Reactions: Informative 1


----------



## Molokai (Mar 27, 2016)

This is kydex sheath and you can make ten like that in time comparison to one leather sheath.

Reactions: Agree 1


----------



## Kevin (Mar 27, 2016)

Molokai said:


> This is kydex sheath and you can make ten like that in time comparison to one leather sheath.



I'm not referring to the material, only the style. It would be as easy to make that general style out of leather.


----------



## robert flynt (Mar 27, 2016)

I make a simple knife and sheath in that price range but prefer to make knives with guards and I don't like the kydex material because it is noisy and not warm like leather. To me a custom knife in one where the customer picks the blade style( his or mine), type steel and thickness, the guard and hardware material, filework pattern, if any, the shape of the handle and type handle material. If a customer buy a knife off of my table, at a show, I consider it a hand made knife. Right or wrong, I feel when a maker starts making the same thing over and over like a production line, he leave the realm of custom making and just makes hand made knives. Some people believe, if they orders it from an individual maker and it is sole authorship ( the knifemaker makes all the parts themselves) it is custom.
I have turned down a jobs where the customer wanted 16 identical knives because, as I told him, it would bore me to death. The knifemaker I referred him to still picks at me about that, because the customer has been a repeat customer. If I made knives for a living it might be different but I do it because I love doing it. I'm always experimenting with material, heat treat methods and knife styles. A Master Smith friend recently told me, he was a triditionalist, always using the same material and methods but I was always trying new steel, methods and such, when I tried to get him to try a different steel. He is right, it is what gets me up in the morning.

Reactions: Like 2


----------



## Kevin (Mar 27, 2016)

robert flynt said:


> Right or wrong, I feel when a maker starts making the same thing over and over like a production line, he leave the realm of custom making and just makes hand made knives.
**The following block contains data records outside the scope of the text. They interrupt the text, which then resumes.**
lemma SSYM_inv_into:
  assumes "H \<subseteq> G" "A \<in> SSYM G H"
  shows "inv_into G A \<in> SSYM G H"
proof -
  have bij: "bij_betw A G G" and AH: "A ` H = H"
    using assms(2) unfolding SSYM_def by blast+
  have "inv_into G A ` H = inv_into G A ` A ` H"
    using AH by simp
  also have "\<dots> = H"
    using bij assms(1) by (simp add: bij_betw_def inv_into_image_cancel)
  finally show ?thesis
    using bij_betw_inv_into[OF bij] unfolding SSYM_def by blast
qed

lemma rtr_SSYM:
  assumes "loop G m e" "subloop H G m e" "s \<in> H"
  shows "rtr m s \<in> SSYM G H"
proof -
  have "bij_betw (rtr m s) G G"
    using loop_rtr_bij[OF assms(1)] subloop_subset[OF assms(2)] assms(3) by blast
  moreover have "rtr m s ` H = H"
    using loop_rtr_bij[OF subloop_loop[OF assms(2)] assms(3)] by (simp add: bij_betw_def)
  ultimately show ?thesis
    unfolding SSYM_def by simp
qed

lemma S1AUT_SSYM:
  assumes "(U, V, W) \<in> S1AUT G m H"
  shows "U \<in> SSYM G H" "V \<in> SSYM G H" "W \<in> SSYM G H"
  using assms unfolding S1AUT_def by simp_all

lemma S1AUT_eq_ltr:
  assumes "loop G m e" "(U, V, W) \<in> S1AUT G m H" "y \<in> G"
  shows "W y = m (U e) (V y)"
  using assms loop_identity_mem[OF assms(1)] loop_left_identity[OF assms(1,3)]
  unfolding S1AUT_def by force

lemma S1AUT_eq_rtr:
  assumes "loop G m e" "(U, V, W) \<in> S1AUT G m H" "y \<in> G"
  shows "W y = m (U y) (V e)"
  using assms loop_identity_mem[OF assms(1)] loop_right_identity[OF assms(1,3)]
  unfolding S1AUT_def by force

context
  fixes G H :: "'a set" and m :: "'a \<Rightarrow> 'a \<Rightarrow> 'a" and e :: 'a and U V W :: "'a \<Rightarrow> 'a"
  assumes loop: "loop G m e"
    and subloop: "subloop H G m e"
    and H_bol: "\<forall>x\<in>G. \<forall>z\<in>G. \<forall>s\<in>H. m (m (m x s) z) s = m x (m (m s z) s)"
    and aut: "(U, V, W) \<in> S1AUT G m H"
begin

abbreviation "s\<^sub>1 \<equiv> U e"
abbreviation "s\<^sub>2 \<equiv> V e"
abbreviation "A \<equiv> lcomp U (inv_into G (rtr m s\<^sub>1))"
abbreviation "c \<equiv> m (m s\<^sub>1 s\<^sub>2) s\<^sub>1"

lemma s1_mem: "s\<^sub>1 \<in> H"
  using SSYM_mem_subset[OF S1AUT_SSYM(1)[OF aut] subloop_identity_mem[OF subloop]] .

lemma s2_mem: "s\<^sub>2 \<in> H"
  using SSYM_mem_subset[OF S1AUT_SSYM(2)[OF aut] subloop_identity_mem[OF subloop]] .

lemma s1_mem_carrier: "s\<^sub>1 \<in> G"
  using s1_mem subloop_subset[OF subloop] by (rule subsetD[rotated])

lemma companion_mem: "c \<in> H"
  using loop_closed[OF subloop_loop[OF subloop] loop_closed[OF subloop_loop[OF subloop] s1_mem s2_mem] s1_mem] .

lemma A_SSYM: "A \<in> SSYM G H"
  using SSYM_lcomp[OF S1AUT_SSYM(1)[OF aut]
      SSYM_inv_into[OF subloop_subset[OF subloop] rtr_SSYM[OF loop subloop s1_mem]]] .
That was my thinking also.


----------



## robert flynt (Mar 27, 2016)

Kevin said:


> I'm not referring to the material, only the style. It would be as easy to make that general style out of leather.


The problem with having leather ones made to shallow is, there is a real good chance of losing them, without a strap.The leather will stretch over time where the kydex won't.


----------



## Kevin (Mar 27, 2016)

robert flynt said:


> The problem with having leather ones made to shallow is, there is a real good chance of losing them, without a strap.The leather will stretch over time where the kydex won't.



I am aware of that. I have to repeat this frequently whenever I voice my preference for an exposed-handle style sheath. There are pros and cons to almost everything, but I dislike having to fish my knife out of a sheath so much, that I accept the added risk of the knife becoming loose in the sheath. There are ways of dealing with that also and a strap is one. Flipping a strap off becomes automatic and second nature - having to dig the knife out is never second nature. We all have our preferences.

The sheaths you made for my Persians are functionally awesome. I am having some sheaths made in the same style as what you made, except I am having some very nice ones made to do the craftsmanship of the knives the justice they deserve. I wasn't expecting any sheaths at all when you sent me the knives so that was a cherry on top. I still use those sheaths and still will in the future even when my nicer ones arrive. The nicer ones will be for display and your working sheaths will be what I carry with. Same with Tom's sheaths although I am having one of his modified to reuse as both a show and carry sheath.


----------



## robert flynt (Mar 27, 2016)

Want to see a truly customer? This is one I completed recently and had this lazer work done to truly customize it.

Reactions: Like 1 | EyeCandy! 2


----------



## robert flynt (Mar 27, 2016)

I agree Kevin, I like the cross draw sock sheath with the knife on a slight downward slant. With it belted on your front, not your side it is easier to draw.
PS: picture doesn't do the handle justice.

Reactions: Like 1


----------



## robert flynt (Mar 27, 2016)

One thing I meant to say is, The knife shown has a strait handle and no guard. Your hand could slip forward on to the blade and give you a nasty cut, under less than ideal conditions.


----------



## Kevin (Mar 27, 2016)

robert flynt said:


> Your hand could slip forward on to the blade and give you a nasty cut, under less than ideal conditions.



I never use one of the Persians for stabbing, and rarely have the need to stab anyway. I live far enough out in the country that we do not get politicians campaigning door to door.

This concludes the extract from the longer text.